[WHAT TO WORK ON]: Could you filter the records below down to the lines that include the word "disj"?

Stored data entries
══════
lemma orbits_same_parity_if_large_invariant_sets:
  assumes g: "g permutes X" and X: "finite X" "even (card X)" "card X \<le> 3 * k"
    and large: "\<And>A. A \<subseteq> X \<Longrightarrow> g ` A = A \<Longrightarrow> A \<noteq> {} \<Longrightarrow> k \<le> card A"
  shows "(\<forall>x\<in>X. even (card (orbit g x))) \<or> (\<forall>x\<in>X. odd (card (orbit g x)))"
proof (rule ccontr)
  assume "\<not> ?thesis"
  then obtain x y where x: "x \<in> X" "odd (card (orbit g x))" and y: "y \<in> X" "even (card (orbit g y))"
    by blast
  have pg: "permutation g" using permutes_imp_permutation[OF X(1) g] .
  let ?O1 = "orbit g x" and ?O2 = "orbit g y"
  let ?R = "X - (?O1 \<union> ?O2)"
  have sub: "?O1 \<subseteq> X" "?O2 \<subseteq> X" using permutes_orbit_subset[OF g] x(1) y(1) by auto
  have fin: "finite ?O1" "finite ?O2" using sub X(1) finite_subset by auto
  have inv: "g ` orbit g z = orbit g z" for z by (rule image_orbit[OF pg])
  have "?O1 \<noteq> ?O2" using x(2) y(2) by auto
  then have disj: "?O1 \<inter> ?O2 = {}" by (rule orbits_disjoint[OF pg])
  have card_U: "card (?O1 \<union> ?O2) = card ?O1 + card ?O2" by (rule card_Un_disjoint[OF fin disj])
  have "card ?R = card X - card (?O1 \<union> ?O2)"
    using sub fin by (intro card_Diff_subset) auto
  then have card_R: "card ?R + card ?O1 + card ?O2 = card X"
    using card_U card_mono[OF X(1) Un_least[OF sub]] by linarith
  have "g ` ?R = g ` X - (g ` ?O1 \<union> g ` ?O2)"
    by (simp add: image_set_diff[OF permutes_inj[OF g]] image_Un)
  then have inv_R: "g ` ?R = ?R" by (simp add: permutes_image[OF g] inv)
  have "even (card ?R + card ?O1 + card ?O2)" unfolding card_R by (rule X(2))
  then have "odd (card ?R)" using x(2) y(2) by simp
  then have "?R \<noteq> {}" by (metis card.empty even_zero)
  then have "k \<le> card ?R" by (rule large[OF Diff_subset inv_R])
  moreover have "k \<le> card ?O1" by (rule large[OF sub(1) inv orbit_nonempty])
  moreover have "k \<le> card ?O2" by (rule large[OF sub(2) inv orbit_nonempty])
  ultimately have "card ?O1 = k" "card ?O2 = k" using card_R X(3) by linarith+
  then show False using x(2) y(2) by simp
qed

lemma subgroup_set_stab: "subgroup (set_stab n A) (sym_group n)"
proof (rule group.subgroupI[OF sym_group_is_group])
  show "set_stab n A \<subseteq> carrier (sym_group n)" unfolding set_stab_def by auto
  show "set_stab n A \<noteq> {}"
    unfolding set_stab_def by (auto intro!: exI[of _ id] simp: sym_group_carrier permutes_id)
next
  fix g assume "g \<in> set_stab n A"
  then have g: "g permutes {1..n}" "g ` A = A" unfolding set_stab_def by (auto simp: sym_group_carrier)
  then have "inv' g ` A = A" by (metis image_inv_f_f permutes_inj)
  then show "inv\<^bsub>sym_group n\<^esub> g \<in> set_stab n A"
    using g permutes_inv[OF g(1)] unfolding set_stab_def by (simp add: sym_group_carrier)
next
  fix g h assume "g \<in> set_stab n A" "h \<in> set_stab n A"
  moreover have "(g \<circ> h) ` A = g ` h ` A" by (rule image_comp[symmetric])
  ultimately show "g \<otimes>\<^bsub>sym_group n\<^esub> h \<in> set_stab n A"
    unfolding set_stab_def by (simp add: sym_group_mult sym_group_carrier permutes_compose)
qed

lemma subgroup_part_stab: "subgroup (part_stab n B1 B2) (sym_group n)"
proof (rule group.subgroupI[OF sym_group_is_group])
  show "part_stab n B1 B2 \<subseteq> carrier (sym_group n)" unfolding part_stab_def by auto
  show "part_stab n B1 B2 \<noteq> {}"
    unfolding part_stab_def by (auto intro!: exI[of _ id] simp: sym_group_carrier permutes_id)
next
  fix g assume "g \<in> part_stab n B1 B2"
  then have g: "g permutes {1..n}" and eq: "{g ` B1, g ` B2} = {B1, B2}"
    unfolding part_stab_def by (auto simp: sym_group_carrier)
  have "{inv' g ` B1, inv' g ` B2} = image (inv' g) ` {g ` B1, g ` B2}"
    using eq by simp
  also have "\<dots> = {B1, B2}" by (simp add: image_inv_f_f permutes_inj[OF g])
  finally show "inv\<^bsub>sym_group n\<^esub> g \<in> part_stab n B1 B2"
    using g permutes_inv[OF g] unfolding part_stab_def by (simp add: sym_group_carrier)
next
  fix g h assume "g \<in> part_stab n B1 B2" "h \<in> part_stab n B1 B2"
  moreover have "{(g \<circ> h) ` B1, (g \<circ> h) ` B2} = image g ` {h ` B1, h ` B2}"
    by (simp add: image_comp)
  ultimately show "g \<otimes>\<^bsub>sym_group n\<^esub> h \<in> part_stab n B1 B2"
    unfolding part_stab_def by (simp add: sym_group_mult sym_group_carrier permutes_compose)
qed

lemma alt_group_neq_sym_group:
  assumes "2 \<le> n"
  shows "carrier (alt_group n) \<noteq> carrier (sym_group n)"
proof -
  have "transpose 1 2 \<in> carrier (sym_group n)"
    using assms by (simp add: sym_group_carrier permutes_swap_id)
  moreover have "transpose 1 (2::nat) \<notin> carrier (alt_group n)"
    by (simp add: alt_group_carrier evenperm_swap)
  ultimately show ?thesis by blast
qed

lemma set_stab_neq_sym_group:
  assumes "A \<subseteq> {1..n}" "A \<noteq> {}" "A \<noteq> {1..n}"
  shows "set_stab n A \<noteq> carrier (sym_group n)"
proof -
  obtain a b where ab: "a \<in> A" "b \<in> {1..n}" "b \<notin> A" using assms by blast
  then have "transpose a b \<in> carrier (sym_group n)"
    using assms(1) by (auto simp: sym_group_carrier intro!: permutes_swap_id)
  moreover have "b \<in> transpose a b ` A" using ab(1) by (metis image_eqI transpose_apply_first)
  then have "transpose a b \<notin> set_stab n A" using ab(3) unfolding set_stab_def by auto
  ultimately show ?thesis by blast
qed

lemma part_stab_neq_sym_group:
  assumes B: "B \<subseteq> {1..n}" "2 \<le> card B" "B \<noteq> {1..n}"
  shows "part_stab n B ({1..n} - B) \<noteq> carrier (sym_group n)"
proof -
  have "\<not> card B \<le> Suc 0" using B(2) by simp
  then obtain a c where ac: "a \<in> B" "c \<in> B" "a \<noteq> c"
    using card_le_Suc0_iff_eq[OF finite_subset[OF B(1)]] by blast
  obtain b where b: "b \<in> {1..n}" "b \<notin> B" using B by blast
  let ?s = "transpose a b"
  have "?s \<in> carrier (sym_group n)"
    using B(1) ac b by (auto simp: sym_group_carrier intro!: permutes_swap_id)
  moreover have "b \<in> ?s ` B" "c \<in> ?s ` B"
    using ac b by (metis image_eqI transpose_apply_first transpose_apply_other)+
  then have "?s ` B \<noteq> B" "?s ` B \<noteq> {1..n} - B" using ac b by auto
  then have "{?s ` B, ?s ` ({1..n} - B)} \<noteq> {B, {1..n} - B}" by (metis insertE insertI1 singletonD)
  then have "?s \<notin> part_stab n B ({1..n} - B)" unfolding part_stab_def by simp
  ultimately show ?thesis by blast
qed

lemma proper_subgroup_if_mem_cover_H:
  assumes "6 \<le> n" "K \<in> cover_H n"
  shows "subgroup K (sym_group n) \<and> K \<noteq> carrier (sym_group n)"
proof -
  consider (part) B where "K = part_stab n B ({1..n} - B)" "B \<subseteq> {1..n}" "card B = n div 2"
    | (alt) "K = carrier (alt_group n)"
    | (set) A where "K = set_stab n A" "A \<subseteq> {1..n}" "1 \<le> card A" "card A \<le> n div 3 - 1"
    using assms(2) unfolding cover_H_def by blast
  then show ?thesis
  proof cases
    case part
    then have "B \<noteq> {1..n}" using assms(1) by auto
    then show ?thesis using part assms(1) subgroup_part_stab part_stab_neq_sym_group by auto
  next
    case alt
    then show ?thesis using assms(1) alt_group_is_subgroup alt_group_neq_sym_group by simp
  next
    case set
    then have "A \<noteq> {}" "A \<noteq> {1..n}" using assms(1) by auto
    then show ?thesis using set subgroup_set_stab set_stab_neq_sym_group by blast
  qed
qed

lemma perm_in_Union_cover_H:
  assumes g: "g permutes {1..n}" and n: "n = 6 * t"
  shows "g \<in> \<Union>(cover_H n)"
proof (cases "\<exists>A \<subseteq> {1..n}. g ` A = A \<and> A \<noteq> {} \<and> card A < 2 * t")
  case True
  then obtain A where A: "A \<subseteq> {1..n}" "g ` A = A" "A \<noteq> {}" "card A < 2 * t" by blast
  have "1 \<le> card A" using finite_subset[OF A(1)] A(3) by (simp add: Suc_leI card_gt_0_iff)
  moreover have "card A \<le> n div 3 - 1" using A(4) n by simp
  ultimately have "set_stab n A \<in> cover_H n" unfolding cover_H_def using A(1) by blast
  moreover have "g \<in> set_stab n A" unfolding set_stab_def using g A(2) by (simp add: sym_group_carrier)
  ultimately show ?thesis by blast
next
  case False
  then have large: "2 * t \<le> card A" if "A \<subseteq> {1..n}" "g ` A = A" "A \<noteq> {}" for A
    using that by (meson not_less)
  have "even (card {1..n})" "card {1..n} \<le> 3 * (2 * t)" using n by simp_all
  then have "(\<forall>x\<in>{1..n}. even (card (orbit g x))) \<or> (\<forall>x\<in>{1..n}. odd (card (orbit g x)))"
    by (rule orbits_same_parity_if_large_invariant_sets[OF g finite_atLeastAtMost _ _ large])
  then show ?thesis
  proof
    assume "\<forall>x\<in>{1..n}. even (card (orbit g x))"
    then obtain B where B: "B \<subseteq> {1..n}" "g ` B = {1..n} - B" "2 * card B = n"
      using swapped_bisection_if_even_orbits[OF g] by auto
    then have "g ` ({1..n} - B) = B"
      using permutes_image[OF g] image_set_diff[OF permutes_inj[OF g]] by auto
    then have "g \<in> part_stab n B ({1..n} - B)"
      using g B(2) unfolding part_stab_def by (auto simp: sym_group_carrier)
    moreover have "part_stab n B ({1..n} - B) \<in> cover_H n" unfolding cover_H_def using B by auto
    ultimately show ?thesis by blast
  next
    assume "\<forall>x\<in>{1..n}. odd (card (orbit g x))"
    then have "g \<in> carrier (alt_group n)"
      using evenperm_if_odd_orbits[OF g] g by (simp add: alt_group_carrier)
    then show ?thesis unfolding cover_H_def by blast
  qed
qed

theorem lemma3p3:
  fixes n :: nat
  assumes "n > 0" and "n mod 6 = 0"
  shows "\<Union>(cover_H n) = carrier (sym_group n) \<and> is_cover (sym_group n) (cover_H n)"
proof -
  obtain t where n: "n = 6 * t" using assms(2) by (metis mod_0_imp_dvd dvdE)
  have proper: "subgroup K (sym_group n) \<and> K \<noteq> carrier (sym_group n)" if "K \<in> cover_H n" for K
    using proper_subgroup_if_mem_cover_H[OF _ that] n assms(1) by simp
  have "\<Union>(cover_H n) = carrier (sym_group n)"
  proof
    show "\<Union>(cover_H n) \<subseteq> carrier (sym_group n)" using proper subgroup.subset by blast
    show "carrier (sym_group n) \<subseteq> \<Union>(cover_H n)"
      using perm_in_Union_cover_H[OF _ n] by (auto simp: sym_group_carrier)
  qed
  then show ?thesis using proper unfolding is_cover_def by blast
qed

end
══════
[RESPONSE]:
  then have disj: "?O1 \<inter> ?O2 = {}" by (rule orbits_disjoint[OF pg])
  have card_U: "card (?O1 \<union> ?O2) = card ?O1 + card ?O2" by (rule card_Un_disjoint[OF fin disj])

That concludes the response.